Okay, here is the output from the terminal. At first I did the actual home network name with nmcli, but I realized that might prefer ISP DNS over VPN DNS, so I set that one back to zero from negative one. Then I did nmcli for the vpn connection name and set it to negative one for both ipv4 and ipv6.

name@localhost:~> nmcli --fields ipv4.dns-priority,ipv6.dns-priority connection show NetworkName
ipv4.dns-priority:                      0
ipv6.dns-priority:                      0
name@localhost:~> nmcli connection modify NetworkName ipv4.dns-priority -1
name@localhost:~> nmcli connection modify NetworkName ipv6.dns-priority -1
name@localhost:~> nmcli --fields ipv4.dns-priority,ipv6.dns-priority connection show NetworkName
ipv4.dns-priority:                      -1
ipv6.dns-priority:                      -1
name@localhost:~> nmcli connection modify NetworkName ipv6.dns-priority 0
name@localhost:~> nmcli connection modify NetworkName ipv4.dns-priority 0
name@localhost:~> nmcli --fields ipv4.dns-priority,ipv6.dns-priority connection show NetworkName
ipv4.dns-priority:                      0
ipv6.dns-priority:                      0
name@localhost:~> nmcli --fields ipv4.dns-priority,ipv6.dns-priority connection show VyprVPNSanFrancisco
ipv4.dns-priority:                      0
ipv6.dns-priority:                      0
name@localhost:~> nmcli connection modify VyprVPNSanFrancisco ipv4.dns-priority -1
name@localhost:~> nmcli connection modify VyprVPNSanFrancisco ipv6.dns-priority -1
name@localhost:~> nmcli --fields ipv4.dns-priority,ipv6.dns-priority connection show VyprVPNSanFrancisco
ipv4.dns-priority:                      -1
ipv6.dns-priority:                      -1

Do I need to leave my home network set at 0 and the vpn network profile set at -1? Not -1 and -1 for former and latter?

(Note: If someone knows the name of a WiFi network that is connected to the web, they can look up that network name on public WiFi maps even if it’s a home network. Kind of scary, eh?)

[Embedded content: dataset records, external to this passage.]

text \<open>M/W is a simple module (W, M submodules of V^*, W a proper submodule of M
  with nothing strictly in between).\<close>
definition rel_simple :: "('s \<Rightarrow> 'k::field) set \<Rightarrow> ('s \<Rightarrow> 'k) set \<Rightarrow> bool" where
  "rel_simple W M \<longleftrightarrow> submod W \<and> submod M \<and> W \<subset> M
     \<and> (\<forall>N. submod N \<and> W \<subseteq> N \<and> N \<subseteq> M \<longrightarrow> N = W \<or> N = M)"

text \<open>Preimage in V^* of the socle of V^*/W: the sum of W and all submodules M
  with M/W simple (the smallest submodule containing them).\<close>
definition soc_pre :: "('s \<Rightarrow> 'k::field) set \<Rightarrow> ('s \<Rightarrow> 'k) set" where
  "soc_pre W = \<Inter> {N. submod N \<and> W \<subseteq> N \<and> (\<forall>M. rel_simple W M \<longrightarrow> M \<subseteq> N)}"

text \<open>Terms soc^b V^* (b \<ge> 1) of the transfinite socle filtration of V^*:
  generated from soc^1 by successor steps and unions (limit steps).\<close>
inductive_set soc_filt :: "('s \<Rightarrow> 'k::field) set set" where
  base: "soc_pre {\<lambda>_. 0} \<in> soc_filt"
| succ: "X \<in> soc_filt \<Longrightarrow> soc_pre X \<in> soc_filt"
| lim: "S \<noteq> {} \<Longrightarrow> \<forall>X\<in>S. X \<in> soc_filt \<Longrightarrow> \<Union> S \<in> soc_filt"

definition Vstar :: "'c rel \<Rightarrow> ('s \<Rightarrow> 'k::field) set" where
  "Vstar \<beta> = {v. (card_of {i. v i \<noteq> 0}, \<beta>) \<in> ordLess}"

definition inf_card :: "'c rel \<Rightarrow> bool" where
  "inf_card \<beta> \<longleftrightarrow> Card_order \<beta> \<and> infinite (Field \<beta>)"

end

(*
  A matrix in glM with finitely many nonzero entries in each row and column can move the support
  of a vector onto any set of at most the same cardinality, and onto any finite set.  Hence every
  submodule of V^* is closed under passing to vectors of no larger support, the nonzero submodules
  are exactly the V^*_beta, and they form a chain.  Above V^*_beta the least submodule is therefore
  V^*_beta+, which yields the socles, and the socle filtration climbs through all V^*_beta, taking
  unions at limit cardinals.
*)
theory Submission
  imports Defs
begin

unbundle cardinal_syntax

section \<open>Submodules and supports\<close>

definition supp :: "('s \<Rightarrow> 'k::field) \<Rightarrow> 's set" where
  "supp v = {i. v i \<noteq> 0}"

definition Vfin :: "('s \<Rightarrow> 'k::field) set" where
  "Vfin = {v. finite (supp v)}"

definition supp_card_closed :: "('s \<Rightarrow> 'k::field) set \<Rightarrow> bool" where
  "supp_card_closed U \<longleftrightarrow> (\<forall>v\<in>U. \<forall>w. |supp w| \<le>o |supp v| \<longrightarrow> w \<in> U)"

lemma ex_supp_eq: "\<exists>v :: 's \<Rightarrow> 'k::field. supp v = A"
  by (rule exI[of _ "\<lambda>i. if i \<in> A then 1 else 0"]) (auto simp: supp_def)

lemma supp_act_subset:
  assumes "g \<in> glM"
  shows "supp (act g v) \<subseteq> (\<Union>i\<in>supp v. {j. g i j \<noteq> 0})"
proof
  fix j assume "j \<in> supp (act g v)"
  hence "(\<Sum>i\<in>{i. g i j \<noteq> 0}. v i * g i j) \<noteq> 0" by (simp add: supp_def act_def)
  then obtain i where "i \<in> {i. g i j \<noteq> 0}" "v i * g i j \<noteq> 0"
    by (rule sum.not_neutral_contains_not_neutral)
  thus "j \<in> (\<Union>i\<in>supp v. {j. g i j \<noteq> 0})" by (auto simp: supp_def)
qed

text \<open>The matrix with entry \<open>w j / v (\<tau> j)\<close> at \<open>(\<tau> j, j)\<close> and zeros elsewhere lies in
  \<open>glM\<close> because the fibres of \<open>\<tau>\<close> are finite, and it maps \<open>v\<close> to \<open>-w\<close>.\<close>
lemma mem_submod_of_supp_map:
  fixes v w :: "'s \<Rightarrow> 'k::field"
  assumes M: "submod M" and v: "v \<in> M"
    and \<tau>: "\<forall>j\<in>supp w. \<tau> j \<in> supp v"
    and fibres: "\<forall>i. finite {j\<in>supp w. \<tau> j = i}"
  shows "w \<in> M"
proof -
  define g where "g = (\<lambda>i j. if j \<in> supp w \<and> \<tau> j = i then w j / v i else 0)"
  have col: "{i. g i j \<noteq> 0} = (if j \<in> supp w then {\<tau> j} else {})" for j
    using \<tau> by (auto simp: g_def supp_def)
  have "{j. g i j \<noteq> 0} \<subseteq> {j\<in>supp w. \<tau> j = i}" for i
    by (auto simp: g_def split: if_splits)
  hence "finite {j. g i j \<noteq> 0}" for i using fibres finite_subset by blast
  hence "g \<in> glM" unfolding glM_def using col by auto
  hence "act g v \<in> M" using M v by (auto simp: submod_def)
  moreover have "act g v = (\<lambda>j. - w j)"
  proof
    fix j show "act g v j = - w j"
    proof (cases "j \<in> supp w")
      case True
      with \<tau> have "v (\<tau> j) \<noteq> 0" by (auto simp: supp_def)
      moreover have "act g v j = - (v (\<tau> j) * g (\<tau> j) j)" by (simp add: act_def col True)
      ultimately show ?thesis using True by (simp add: g_def)
    next
      case False thus ?thesis by (simp add: act_def col supp_def)
    qed
  qed
  ultimately have neg: "(\<lambda>j. - w j) \<in> M" by simp
  have "\<forall>c. \<forall>u\<in>M. (\<lambda>i. c * u i) \<in> M" using M by (simp add: submod_def)
  from this[rule_format, OF neg, of "-1"] show ?thesis by simp
qed

lemma mem_submod_of_card_supp_le:
  fixes v w :: "'s \<Rightarrow> 'k::field"
  assumes "submod M" "v \<in> M" "|supp w| \<le>o |supp v|"
  shows "w \<in> M"
proof -
  obtain f where f: "inj_on f (supp w)" "f ` supp w \<subseteq> supp v"
    using assms(3) card_of_ordLeq[of "supp w" "supp v"] by blast
  have "{j\<in>supp w. f j = i} = f -` {i} \<inter> supp w" for i by auto
  hence "\<forall>i. finite {j\<in>supp w. f j = i}" using finite_vimage_IntI[OF _ f(1)] by simp
  with f show ?thesis by (intro mem_submod_of_supp_map[OF assms(1,2)]) auto
qed

lemma mem_submod_of_finite_supp:
  fixes v w :: "'s \<Rightarrow> 'k::field"
  assumes "submod M" "v \<in> M" "v \<noteq> (\<lambda>_. 0)" "finite (supp w)"
  shows "w \<in> M"
proof -
  obtain i0 where "v i0 \<noteq> 0" using assms(3) by auto
  with assms show ?thesis
    by (intro mem_submod_of_supp_map[of M v w "\<lambda>_. i0"]) (auto simp: supp_def)
qed

lemma submod_supp_card_closed: "submod M \<Longrightarrow> supp_card_closed M"
  unfolding supp_card_closed_def using mem_submod_of_card_supp_le by blast

lemma Vstar_eq: "Vstar \<beta> = {v. |supp v| <o \<beta>}"
  by (simp add: Vstar_def supp_def)

lemma Vstar_cardSuc: "Card_order \<beta> \<Longrightarrow> Vstar (cardSuc \<beta>) = {v. |supp v| \<le>o \<beta>}"
  unfolding Vstar_eq by (simp add: cardSuc_ordLeq_ordLess card_of_Card_order)

lemma Vstar_ordIso_cong: "\<beta> =o \<beta>' \<Longrightarrow> Vstar \<beta> = Vstar \<beta>'"
  unfolding Vstar_eq by (metis ordLess_ordIso_trans ordIso_symmetric)

lemma supp_card_closed_Vstar: "supp_card_closed (Vstar \<beta>)"
  unfolding supp_card_closed_def Vstar_eq using ordLeq_ordLess_trans by blast

lemma Vfin_subset_Vstar:
  assumes "Card_order \<beta>" "infinite (Field \<beta>)"
  shows "Vfin \<subseteq> Vstar \<beta>"
proof
  fix v :: "'s \<Rightarrow> 'k::field" assume "v \<in> Vfin"
  hence "|supp v| <o \<beta>" unfolding Vfin_def
    using assms by (intro finite_ordLess_infinite card_of_Well_order card_order_on_well_order_on)
      (auto simp: Field_card_of)
  thus "v \<in> Vstar \<beta>" by (simp add: Vstar_eq)
qed

lemma supp_act_finite_or_card_le:
  assumes "g \<in> glM"
  shows "finite (supp (act g v)) \<or> |supp (act g v)| \<le>o |supp v|"
proof -
  have rows: "finite {j. g i j \<noteq> 0}" for i using assms by (simp add: glM_def)
  have "finite (\<Union>i\<in>supp v. {j. g i j \<noteq> 0}) \<or> |\<Union>i\<in>supp v. {j. g i j \<noteq> 0}| \<le>o |supp v|"
  proof (cases "finite (supp v)")
    case False
    have "|{j. g i j \<noteq> 0}| \<le>o |supp v|" for i
      using rows False
      by (intro ordLess_imp_ordLeq finite_ordLess_infinite card_of_Well_order)
        (auto simp: Field_card_of)
    thus ?thesis using False
      by (intro disjI2 card_of_UNION_ordLeq_infinite) (auto simp: card_of_refl ordIso_imp_ordLeq)
  qed (use rows in auto)
  thus ?thesis using supp_act_subset[OF assms, of v]
    by (meson card_of_mono1 finite_subset ordLeq_transitive)
qed

lemma submod_Vstar:
  assumes \<beta>: "Card_order \<beta>" "infinite (Field \<beta>)"
  shows "submod (Vstar \<beta> :: ('s \<Rightarrow> 'k::field) set)"
proof -
  have fin: "v \<in> Vstar \<beta>" if "finite (supp v)" for v :: "'s \<Rightarrow> 'k"
    using Vfin_subset_Vstar[OF \<beta>] that by (auto simp: Vfin_def)
  have closed: "w \<in> Vstar \<beta>" if "v \<in> Vstar \<beta>" "supp w \<subseteq> supp v" for v w :: "'s \<Rightarrow> 'k"
    using supp_card_closed_Vstar that card_of_mono1 unfolding supp_card_closed_def by blast
  show ?thesis unfolding submod_def
  proof (intro conjI ballI allI)
    show "(\<lambda>_::'s. 0 :: 'k) \<in> Vstar \<beta>" by (rule fin) (simp add: supp_def)
  next
    fix u v :: "'s \<Rightarrow> 'k" assume "u \<in> Vstar \<beta>" "v \<in> Vstar \<beta>"
    hence "|supp u \<union> supp v| <o \<beta>"
      using card_of_Un_ordLess_infinite_Field[OF \<beta>(2,1)] by (simp add: Vstar_eq)
    moreover have "supp (\<lambda>i. u i + v i) \<subseteq> supp u \<union> supp v" by (auto simp: supp_def)
    ultimately show "(\<lambda>i. u i + v i) \<in> Vstar \<beta>"
      unfolding Vstar_eq by (meson card_of_mono1 mem_Collect_eq ordLeq_ordLess_trans)
  next
    fix c and v :: "'s \<Rightarrow> 'k" assume "v \<in> Vstar \<beta>"
    thus "(\<lambda>i. c * v i) \<in> Vstar \<beta>" by (rule closed) (auto simp: supp_def)
  next
    fix g :: "'s \<Rightarrow> 's \<Rightarrow> 'k" and v :: "'s \<Rightarrow> 'k" assume "g \<in> glM" "v \<in> Vstar \<beta>"
    thus "act g v \<in> Vstar \<beta>"
      using supp_act_finite_or_card_le fin supp_card_closed_Vstar
      unfolding supp_card_closed_def by blast
  qed
qed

Okay, I tested the connection with a DNS leak test, the first test was good. After I disconnected and reconnected again to test again, it was leaking again. The first test showed only 3 servers all of which were from the VPN service. On the second test there were over 20 ip addresses from my ISP. So it is leaking still. I don’t know what could have caused the change between the first DNS leak test and the second DNS leak test.

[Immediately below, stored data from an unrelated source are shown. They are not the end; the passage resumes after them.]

lemma estimate_at_v_le: "estimate n (v n) \<le> (\<Sum>j<n. weight j) * d (lam n)"
proof (induction n)
  case 0
  show ?case
    by (simp add: estimate_def v0)
next
  case (Suc n)
  define S where "S = eta n / (theta n)\<^sup>2"
  let ?D = "bregman h gh (v (Suc n)) (v n)"
  have S_sum: "(\<Sum>j<Suc n. weight j) = S"
    using weight_sum[of n] by (simp add: S_def lessThan_Suc_atMost)
  have weight_n: "weight n = S * theta n"
    using theta_pos[of n] by (simp add: S_def weight_def power2_eq_square)
  have sum_before_n: "(\<Sum>j<n. weight j) = S * (1 - theta n)"
    using S_sum weight_n by (simp add: algebra_simps)
  have d_le: "(\<Sum>j<n. weight j) * d (lam n) \<le> (\<Sum>j<n. weight j) * model n (lam n)"
    using d_le_model[OF lam_in] weight_pos by (intro mult_left_mono sum_nonneg) (auto intro: less_imp_le)
  have "estimate (Suc n) (v (Suc n)) = estimate n (v (Suc n)) + weight n * model n (v (Suc n))"
    by (simp add: estimate_def)
  also have "\<dots> \<le> estimate n (v n) - G * ?D + weight n * model n (v (Suc n))"
    using estimate_three_point[OF v_in] by simp
  also have "\<dots> \<le> (\<Sum>j<n. weight j) * model n (lam n) + weight n * model n (v (Suc n)) - G * ?D"
    using Suc.IH d_le by linarith
  also have "\<dots> = S * model n ((1 - theta n) *\<^sub>R lam n + theta n *\<^sub>R v (Suc n)) - G * ?D"
    by (simp add: sum_before_n weight_n flip: model_convex_combination) (simp add: algebra_simps)
  also have "\<dots> \<le> S * d (lam (Suc n))"
    using scaled_model_le[of n] by (simp add: S_def)
  finally show ?case
    unfolding S_sum .
qed

lemma scaled_gap_le:
  assumes "z \<in> L"
  shows "eta k / (theta k)\<^sup>2 * (d z - d (lam (Suc k))) \<le> G * bregman h gh z (lam 0)"
proof -
  let ?S = "eta k / (theta k)\<^sup>2"
  have S_sum: "?S = (\<Sum>j<Suc k. weight j)"
    by (simp add: weight_sum lessThan_Suc_atMost)
  have "?S * d z = (\<Sum>j<Suc k. weight j * d z)"
    by (simp only: S_sum sum_distrib_right)
  also have "\<dots> \<le> (\<Sum>j<Suc k. weight j * model j z)"
    using d_le_model[OF assms] weight_pos by (intro sum_mono mult_left_mono) (auto intro: less_imp_le)
  finally have "?S * d z - G * bregman h gh z (lam 0) \<le> estimate (Suc k) z"
    by (simp add: estimate_def)
  also have "\<dots> \<le> estimate (Suc k) (v (Suc k))"
    using estimate_three_point[OF assms] bregman_nonneg[where gh=gh, OF h_convex v_in assms h_grad[OF v_in]] G_nonneg
    by (smt (verit) mult_nonneg_nonneg)
  also have "\<dots> \<le> ?S * d (lam (Suc k))"
    unfolding S_sum by (rule estimate_at_v_le)
  finally show ?thesis
    by (simp only: right_diff_distrib)
qed

lemma sum_sqrt_eta_le: "(\<Sum>j\<le>k. sqrt (eta j)) \<le> 2 * sqrt (eta k / (theta k)\<^sup>2)"
proof (rule sum_sqrt_le_twice_sqrt)
  fix i
  have "eta (Suc i) * (eta (Suc i) / (theta (Suc i))\<^sup>2) = (eta (Suc i) / theta (Suc i))\<^sup>2"
    by (simp add: power_divide power2_eq_square)
  then have "sqrt (eta (Suc i) * (eta (Suc i) / (theta (Suc i))\<^sup>2)) = eta (Suc i) / theta (Suc i)"
    using eta_pos[of "Suc i"] theta_pos[of "Suc i"] by simp
  then show "eta (Suc i) / (theta (Suc i))\<^sup>2
      = eta i / (theta i)\<^sup>2 + sqrt (eta (Suc i) * (eta (Suc i) / (theta (Suc i))\<^sup>2))"
    using theta_rec[of i] by simp
next
  show "eta 0 / (theta 0)\<^sup>2 = eta 0"
    by (simp add: theta0)
  show "0 < eta i / (theta i)\<^sup>2" for i
    using eta_pos[of i] theta_pos[of i] by simp
  show "0 \<le> eta i" for i
    using eta_pos[of i] by simp
qed

lemma convergence_rate:
  assumes "1 \<le> T" "z \<in> L"
  shows "d z - d (lam T) \<le> 4 * G * bregman h gh z (lam 0) / (\<Sum>k<T. sqrt (eta k))\<^sup>2"
proof -
  obtain k where T: "T = Suc k"
    using assms(1) by (cases T) auto
  define S where "S = eta k / (theta k)\<^sup>2"
  define B where "B = G * bregman h gh z (lam 0)"
  have S_pos: "0 < S"
    using eta_pos[of k] theta_pos[of k] by (simp add: S_def)
  have B_nonneg: "0 \<le> B"
    using G_nonneg bregman_nonneg[where gh=gh, OF h_convex lam0 assms(2) h_grad[OF lam0]] by (simp add: B_def)
  have sum_pos: "0 < (\<Sum>j<T. sqrt (eta j))"
    using eta_pos T by (intro sum_pos) auto
  have "(\<Sum>j<T. sqrt (eta j))\<^sup>2 \<le> (2 * sqrt S)\<^sup>2"
    using sum_sqrt_eta_le[of k] sum_pos by (intro power_mono) (simp_all add: T S_def lessThan_Suc_atMost)
  also have "\<dots> = 4 * S"
    using S_pos by (simp add: power_mult_distrib)
  finally have sum_sq_le: "(\<Sum>j<T. sqrt (eta j))\<^sup>2 \<le> 4 * S" .
  have "S * (d z - d (lam T)) \<le> B"
    using scaled_gap_le[OF assms(2), of k] by (simp add: T S_def B_def)
  then have "d z - d (lam T) \<le> B / S"
    using S_pos by (simp add: pos_le_divide_eq mult.commute)
  also have "\<dots> = 4 * B / (4 * S)"
    by simp
  also have "\<dots> \<le> 4 * B / (\<Sum>j<T. sqrt (eta j))\<^sup>2"
    using B_nonneg sum_sq_le sum_pos S_pos by (intro divide_left_mono) simp_all
  finally show ?thesis
    by (simp add: B_def)
qed

end


theorem mainTheorem10:
  fixes L :: "'a::euclidean_space set"
    and d h :: "'a \<Rightarrow> real" and gh :: "'a \<Rightarrow> 'a"
    and G :: real
    and lam v y :: "nat \<Rightarrow> 'a" and theta eta :: "nat \<Rightarrow> real"
    and T :: nat and \<mu> :: 'a
  assumes L_closed: "closed L" and L_convex: "convex L"
    and d_concave: "concave_on L d"
    and h_strict: "strictly_convex_on L h"
    and h_grad: "\<And>x. x \<in> L \<Longrightarrow> (h has_derivative (\<lambda>u. gh x \<bullet> u)) (at x)"
    and gh_cont: "continuous_on L gh"
    and TSP: "triangle_scaling h gh L G"
    and G_ge: "G \<ge> 1"
    and lam0: "lam 0 \<in> L"
    and v0: "v 0 = lam 0"
    and theta0: "theta 0 = 1"
    and eta_pos: "\<And>k. eta k > 0"
    and y_def: "\<And>k. y k = theta k *\<^sub>R v k + (1 - theta k) *\<^sub>R lam k"
    and lam_mem: "\<And>k. lam (Suc k) \<in> L"
    and lam_max: "\<And>k z. z \<in> L \<Longrightarrow>
        d z - bregman h gh z (y k) / eta k
          \<le> d (lam (Suc k)) - bregman h gh (lam (Suc k)) (y k) / eta k"
    and v_mem: "\<And>k. v (Suc k) \<in> L"
    and v_max: "\<And>k z. z \<in> L \<Longrightarrow>
        - G * bregman h gh z (lam 0)
          + (\<Sum>j\<le>k. eta j / theta j *
               (d (lam (Suc j)) + (1 / eta j) * ((gh (lam (Suc j)) - gh (y j)) \<bullet> (z - lam (Suc j)))))
        \<le> - G * bregman h gh (v (Suc k)) (lam 0)
          + (\<Sum>j\<le>k. eta j / theta j *
               (d (lam (Suc j)) + (1 / eta j) * ((gh (lam (Suc j)) - gh (y j)) \<bullet> (v (Suc k) - lam (Suc j)))))"
    and theta_range: "\<And>k. 0 < theta (Suc k) \<and> theta (Suc k) \<le> 1"
    and theta_rec: "\<And>k. eta k / (theta k)\<^sup>2
        = eta (Suc k) / (theta (Suc k))\<^sup>2 - eta (Suc k) / theta (Suc k)"
    and T_ge: "T \<ge> 1"
    and mu_mem: "\<mu> \<in> L"
  shows "d \<mu> - d (lam T)
      \<le> 4 * G * bregman h gh \<mu> (lam 0) / (\<Sum>k<T. sqrt (eta k))\<^sup>2"
proof -
  interpret acc_bpp3 L d h gh G lam v y theta eta
  proof
    show "convex_on L h"
      using h_strict by (rule strictly_convex_on_imp_convex_on)
    show "0 \<le> G"
      using G_ge by simp
  qed (fact assms)+
  show ?thesis
    using convergence_rate[OF T_ge mu_mem] .
qed

end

Edit: Checked with nmcli. Dns-priority is back at 0. So it seems that the dns-priority resets to 0 after a disconnect. Is there a way to save the configuration after disconnect?

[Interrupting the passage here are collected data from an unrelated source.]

lemma Eset_iff_tangency_set:
  assumes "x \<in> {0..<1}" "u \<in> words b q" "v \<in> words b q"
  shows "(u, v) \<in> Eset b \<gamma> \<psi> q x \<epsilon> \<delta> \<longleftrightarrow> x \<in> tangency_set b \<gamma> \<psi> \<epsilon> \<delta> u v"
proof
  assume "(u, v) \<in> Eset b \<gamma> \<psi> q x \<epsilon> \<delta>"
  then show "x \<in> tangency_set b \<gamma> \<psi> \<epsilon> \<delta> u v"
    using assms concat_seq_in_cylinder unfolding Eset_def tangency_set_def by fastforce
next
  assume "x \<in> tangency_set b \<gamma> \<psi> \<epsilon> \<delta> u v"
  then obtain i j where "i \<in> cylinder b u" "j \<in> cylinder b v" "tangent b \<gamma> \<psi> \<epsilon> \<delta> x i j"
    unfolding tangency_set_def by blast
  moreover have "length u = q" "length v = q"
    using assms by (auto simp: words_def)
  ultimately show "(u, v) \<in> Eset b \<gamma> \<psi> q x \<epsilon> \<delta>"
    unfolding Eset_def using assms cylinder_concat_seq by auto metis
qed

lemma compact_tangent_triples:
  assumes "\<And>y. (\<psi> has_real_derivative D y) (at y)" "continuous_on UNIV D" "0 \<le> \<gamma>" "\<gamma> < 1"
  shows "compact {p \<in> {0..1} \<times> cylinder b u \<times> cylinder b v.
                    tangent b \<gamma> \<psi> \<epsilon> \<delta> (fst p) (fst (snd p)) (snd (snd p))}"
proof -
  define C where "C = {0..1::real} \<times> cylinder b u \<times> cylinder b v"
  define dS where "dS p = \<bar>S b \<gamma> \<psi> (fst p) (fst (snd p)) - S b \<gamma> \<psi> (fst p) (snd (snd p))\<bar>" for p
  define dS' where "dS' p = \<bar>S' b \<gamma> \<psi> (fst p) (fst (snd p)) - S' b \<gamma> \<psi> (fst p) (snd (snd p))\<bar>" for p
  have pair1: "continuous_on C (\<lambda>p. (fst p, fst (snd p)))"
    and pair2: "continuous_on C (\<lambda>p. (fst p, snd (snd p)))"
    by (intro continuous_on_Pair continuous_on_fst continuous_on_snd continuous_on_id)+
  have img1: "(\<lambda>p. (fst p, fst (snd p))) ` C \<subseteq> {0..1} \<times> seqs b"
    and img2: "(\<lambda>p. (fst p, snd (snd p))) ` C \<subseteq> {0..1} \<times> seqs b"
    by (auto simp: C_def cylinder_def)
  note S = continuous_on_compose2[OF continuous_on_S[OF assms(1,3,4)]]
  note S' = continuous_on_compose2[OF continuous_on_S'[OF assms]]
  have "continuous_on C (\<lambda>p. S b \<gamma> \<psi> (fst p) (fst (snd p)))"
    "continuous_on C (\<lambda>p. S b \<gamma> \<psi> (fst p) (snd (snd p)))"
    "continuous_on C (\<lambda>p. S' b \<gamma> \<psi> (fst p) (fst (snd p)))"
    "continuous_on C (\<lambda>p. S' b \<gamma> \<psi> (fst p) (snd (snd p)))"
    using S[OF pair1 img1] S[OF pair2 img2] S'[OF pair1 img1] S'[OF pair2 img2] by simp_all
  then have "continuous_on C dS" "continuous_on C dS'"
    unfolding dS_def dS'_def by (auto intro!: continuous_on_rabs continuous_on_diff)
  then have "closedin (top_of_set C) ((C \<inter> dS -` {..\<epsilon>}) \<inter> (C \<inter> dS' -` {..\<delta>}))"
    by (intro closedin_Int continuous_closedin_preimage closed_atMost)
  also have "(C \<inter> dS -` {..\<epsilon>}) \<inter> (C \<inter> dS' -` {..\<delta>}) =
      {p \<in> C. tangent b \<gamma> \<psi> \<epsilon> \<delta> (fst p) (fst (snd p)) (snd (snd p))}"
    unfolding dS_def dS'_def tangent_def by auto
  finally have "closedin (top_of_set C) {p \<in> C. tangent b \<gamma> \<psi> \<epsilon> \<delta> (fst p) (fst (snd p)) (snd (snd p))}" .
  moreover have "compact C"
    unfolding C_def by (intro compact_Times compact_cylinder compact_Icc)
  ultimately show ?thesis
    unfolding C_def by (rule closedin_compact[rotated])
qed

I would say “yes” although it is something that you need to decide. It is important only if you may have multiple connections active at the same time (e.g. wireless and wired). Negative dns-priority for a connection replaces all DNS servers in /etc/resolv.conf with DNS servers for this connection. Non-negative value adds DNS servers but leaves existing. VPN always means at least two simultaneous connections - “base” one (to reach VPN server) and VPN connection. So you need to tell NetworkManager to replace DNS servers from “base” connection with DNS servers from VPN connections.

In general if you are not sure you need to change something better not to change.

If someone knows the name of a WiFi network

I was not interested in your WiFi connection. We are talking about VPN here.

Show content of /etc/resolv.conf before and after VPN connection is established.

I briefly tested GNOME and KDE TW in default settings and although base DNS server is retained, VPN servers by default have higher priority so checks with https://ipleak.net/ do not show “my ISP servers”. This is expected as by default Linux resolver tries the first server listed in /etc/resolv.conf.

Applications can modify resolver behavior, in particular request server rotation, but setting ipv4.dns-priority to -1 leaves only VPN DNS servers.